Task goal :: Nothing but the data, repeated exactly, belongs in the answer.

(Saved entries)
lemma le_durfee_iff:
  assumes Q: "Q \<in> Y a b" and i: "1 \<le> i"
  shows "i \<le> durfee Q \<longleftrightarrow> i \<le> a \<and> i \<le> row Q i"
proof -
  define S where "S = {d. d \<le> count_list Q True \<and> (d = 0 \<or> d \<le> row Q d)}"
  have fin: "finite S" unfolding S_def by (rule finite_subset[of _ "{..count_list Q True}"]) auto
  have "0 \<in> S" unfolding S_def by simp
  then have "durfee Q \<in> S" unfolding durfee_def S_def[symmetric] using fin Max_in by blast
  then have "i \<le> durfee Q \<Longrightarrow> i \<le> a \<and> i \<le> row Q i"
    using row_antimono[OF Q i, of "durfee Q"] Y_counts[OF Q] i unfolding S_def by auto
  moreover have "i \<le> durfee Q" if "i \<le> a \<and> i \<le> row Q i"
  proof -
    have "i \<in> S" using that Y_counts[OF Q] unfolding S_def by simp
    then show ?thesis unfolding durfee_def S_def[symmetric] using fin by simp
  qed
  ultimately show ?thesis by blast
qed

text \<open>The hook of the \<open>i\<close>-th diagonal cell ends at the N step \<open>p\<close> closing row \<open>i\<close>
  and at the E step \<open>q\<close> closing column \<open>i\<close>; the steps of the path between them trace
  its rim, so its length is \<open>p - q\<close>.\<close>

definition diagonal_hooks :: "nat \<Rightarrow> nat \<Rightarrow> bool list \<Rightarrow> nat set" where
  "diagonal_hooks a b Q = {p - q | p q. q < a \<and> a \<le> p \<and> p < a + b \<and> Q ! p \<and> \<not> Q ! q \<and>
     N_before Q p + E_before Q q + 1 = a}"

lemma hd_set_subset_diagonal_hooks:
  assumes Q: "Q \<in> Y a b"
  shows "hd_set Q \<subseteq> diagonal_hooks a b Q"
proof
  note counts = Y_counts[OF Q]
  fix x assume "x \<in> hd_set Q"
  then obtain i where x: "x = row Q i + col Q i + 1 - 2 * i" and i: "1 \<le> i" "i \<le> durfee Q"
    unfolding hd_set_def by auto
  have i': "i \<le> a" "i \<le> row Q i" using le_durfee_iff[OF Q i(1)] i by auto
  obtain p where p: "p < length Q" "Q ! p" "N_before Q p = a - i"
    using row_end_exists[OF Q i(1) i'(1)] by blast
  have row: "row Q i = E_before Q p" by (rule row_eq_E_before[OF Q i(1) i'(1) p])
  have "E_before Q p \<le> b" using prefix_count_le_count_list[of False Q p] counts by simp
  then obtain q where q: "q < length Q" "\<not> Q ! q" "E_before Q q = i - 1"
    using prefix_count_attains[of "i - 1" Q False] counts i i' row by force
  have "q < p"
    using prefix_count_mono[of p q False Q] row i' q i by linarith
  then have "N_before Q q \<le> N_before Q p" by (intro prefix_count_mono) simp
  moreover have "col Q i = a - N_before Q q" by (rule col_eq[OF Q i(1) q])
  moreover have "N_before Q p + E_before Q p = p" "N_before Q q + E_before Q q = q"
    using N_before_E_before[of p Q] N_before_E_before[of q Q] p(1) q(1) by simp_all
  ultimately have "x = p - q" "q < a" "a \<le> p" "N_before Q p + E_before Q q + 1 = a"
    using x row p q i i' by auto
  then show "x \<in> diagonal_hooks a b Q"
    unfolding diagonal_hooks_def using p q counts by (intro CollectI exI[of _ p] exI[of _ q]) simp
qed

Exercise response ::
lemma le_durfee_iff:
  assumes Q: "Q \<in> Y a b" and i: "1 \<le> i"
  shows "i \<le> durfee Q \<longleftrightarrow> i \<le> a \<and> i \<le> row Q i"
proof -
  define S where "S = {d. d \<le> count_list Q True \<and> (d = 0 \<or> d \<le> row Q d)}"
  have fin: "finite S" unfolding S_def by (rule finite_subset[of _ "{..count_list Q True}"]) auto
  have "0 \<in> S" unfolding S_def by simp
  then have "durfee Q \<in> S" unfolding durfee_def S_def[symmetric] using fin Max_in by blast
  then have "i \<le> durfee Q \<Longrightarrow> i \<le> a \<and> i \<le> row Q i"
    using row_antimono[OF Q i, of "durfee Q"] Y_counts[OF Q] i unfolding S_def by auto
  moreover have "i \<le> durfee Q" if "i \<le> a \<and> i \<le> row Q i"
  proof -
    have "i \<in> S" using that Y_counts[OF Q] unfolding S_def by simp
    then show ?thesis unfolding durfee_def S_def[symmetric] using fin by simp
  qed
  ultimately show ?thesis by blast
qed

text \<open>The hook of the \<open>i\<close>-th diagonal cell ends at the N step \<open>p\<close> closing row \<open>i\<close>
  and at the E step \<open>q\<close> closing column \<open>i\<close>; the steps of the path between them trace
  its rim, so its length is \<open>p - q\<close>.\<close>

definition diagonal_hooks :: "nat \<Rightarrow> nat \<Rightarrow> bool list \<Rightarrow> nat set" where
  "diagonal_hooks a b Q = {p - q | p q. q < a \<and> a \<le> p \<and> p < a + b \<and> Q ! p \<and> \<not> Q ! q \<and>
     N_before Q p + E_before Q q + 1 = a}"

lemma hd_set_subset_diagonal_hooks:
  assumes Q: "Q \<in> Y a b"
  shows "hd_set Q \<subseteq> diagonal_hooks a b Q"
proof
  note counts = Y_counts[OF Q]
  fix x assume "x \<in> hd_set Q"
  then obtain i where x: "x = row Q i + col Q i + 1 - 2 * i" and i: "1 \<le> i" "i \<le> durfee Q"
    unfolding hd_set_def by auto
  have i': "i \<le> a" "i \<le> row Q i" using le_durfee_iff[OF Q i(1)] i by auto
  obtain p where p: "p < length Q" "Q ! p" "N_before Q p = a - i"
    using row_end_exists[OF Q i(1) i'(1)] by blast
  have row: "row Q i = E_before Q p" by (rule row_eq_E_before[OF Q i(1) i'(1) p])
  have "E_before Q p \<le> b" using prefix_count_le_count_list[of False Q p] counts by simp
  then obtain q where q: "q < length Q" "\<not> Q ! q" "E_before Q q = i - 1"
    using prefix_count_attains[of "i - 1" Q False] counts i i' row by force
  have "q < p"
    using prefix_count_mono[of p q False Q] row i' q i by linarith
  then have "N_before Q q \<le> N_before Q p" by (intro prefix_count_mono) simp
  moreover have "col Q i = a - N_before Q q" by (rule col_eq[OF Q i(1) q])
  moreover have "N_before Q p + E_before Q p = p" "N_before Q q + E_before Q q = q"
    using N_before_E_before[of p Q] N_before_E_before[of q Q] p(1) q(1) by simp_all
  ultimately have "x = p - q" "q < a" "a \<le> p" "N_before Q p + E_before Q q + 1 = a"
    using x row p q i i' by auto
  then show "x \<in> diagonal_hooks a b Q"
    unfolding diagonal_hooks_def using p q counts by (intro CollectI exI[of _ p] exI[of _ q]) simp
qed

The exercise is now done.